• Exercise:
What you give back must match the records below word for word.

==== Extracted information ====

(* Let $H_1,\dots,H_n$ be null hypotheses indexed by $\mathcal V=\{1,\dots,n\}$ with observed $p$-values $p_1,\dots,p_n$; let $\bar{\mathcal S}=\{v:H_v\text{ true}\}$ and $\mathcal S=\mathcal V\setminus\bar{\mathcal S}$. Let $\mathcal G$ be a directed acyclic graph on $\mathcal V$ such that if $H_v$ is false then $H_w$ is false for every ancestor $w$ of $v$. For each $v$ let $\mathcal C_v$ be $v$ together with all of its descendants. Assume that the null $p$-values are uniformly distributed on $[0,1]$, mutually independent, and independent of all nonnull $p$-values. For each $v$ let $G_v:\mathbb R\to\mathbb R$ be monotone increasing, let $k_v\in[1,|\mathcal C_v|]$ be an integer, and let \[f_v(p_{\mathcal C_v})=G_v\big(p_{\mathcal C_v,(k_v)}\big),\] where $p_{\mathcal C_v,(1)}\le\dots\le p_{\mathcal C_v,(|\mathcal C_v|)}$ are the order statistics of $p_{\mathcal C_v}$. Define $\tilde p_v=F_v(f_v(p_{\mathcal C_v}))$ with $F_v(t)=\Pr(f_v(u_{\mathcal C_v})\le t)$, $u_{\mathcal C_v}$ i.i.d. $\mathrm{Uniform}[0,1]$. Then $(\tilde p_v)_{v\in\mathcal V}$ satisfies PRDS on $\bar{\mathcal S}$.
   Context: For $x,y\in\mathbb R^m$, $x\preceq y$ means $x_i\le y_i$ for all $i$. A set $D\subset\mathbb R^m$ is non-decreasing if $x\preceq y$ and $x\in D$ imply $y\in D$. A random vector $X\in\mathbb R^m$ satisfies PRDS on $T\subset\{1,\dots,m\}$ if $t\mapsto\Pr(X\in D\mid X_i=t)$ is non-decreasing for every non-decreasing set $D$ and every $i\in T$. *)

theory Defs
  imports "HOL-Probability.Probability"
begin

====

• Problem solution:
(* Let $H_1,\dots,H_n$ be null hypotheses indexed by $\mathcal V=\{1,\dots,n\}$ with observed $p$-values $p_1,\dots,p_n$; let $\bar{\mathcal S}=\{v:H_v\text{ true}\}$ and $\mathcal S=\mathcal V\setminus\bar{\mathcal S}$. Let $\mathcal G$ be a directed acyclic graph on $\mathcal V$ such that if $H_v$ is false then $H_w$ is false for every ancestor $w$ of $v$. For each $v$ let $\mathcal C_v$ be $v$ together with all of its descendants. Assume that the null $p$-values are uniformly distributed on $[0,1]$, mutually independent, and independent of all nonnull $p$-values. For each $v$ let $G_v:\mathbb R\to\mathbb R$ be monotone increasing, let $k_v\in[1,|\mathcal C_v|]$ be an integer, and let \[f_v(p_{\mathcal C_v})=G_v\big(p_{\mathcal C_v,(k_v)}\big),\] where $p_{\mathcal C_v,(1)}\le\dots\le p_{\mathcal C_v,(|\mathcal C_v|)}$ are the order statistics of $p_{\mathcal C_v}$. Define $\tilde p_v=F_v(f_v(p_{\mathcal C_v}))$ with $F_v(t)=\Pr(f_v(u_{\mathcal C_v})\le t)$, $u_{\mathcal C_v}$ i.i.d. $\mathrm{Uniform}[0,1]$. Then $(\tilde p_v)_{v\in\mathcal V}$ satisfies PRDS on $\bar{\mathcal S}$.
   Context: For $x,y\in\mathbb R^m$, $x\preceq y$ means $x_i\le y_i$ for all $i$. A set $D\subset\mathbb R^m$ is non-decreasing if $x\preceq y$ and $x\in D$ imply $y\in D$. A random vector $X\in\mathbb R^m$ satisfies PRDS on $T\subset\{1,\dots,m\}$ if $t\mapsto\Pr(X\in D\mid X_i=t)$ is non-decreasing for every non-decreasing set $D$ and every $i\in T$. *)

theory Defs
  imports "HOL-Probability.Probability"
begin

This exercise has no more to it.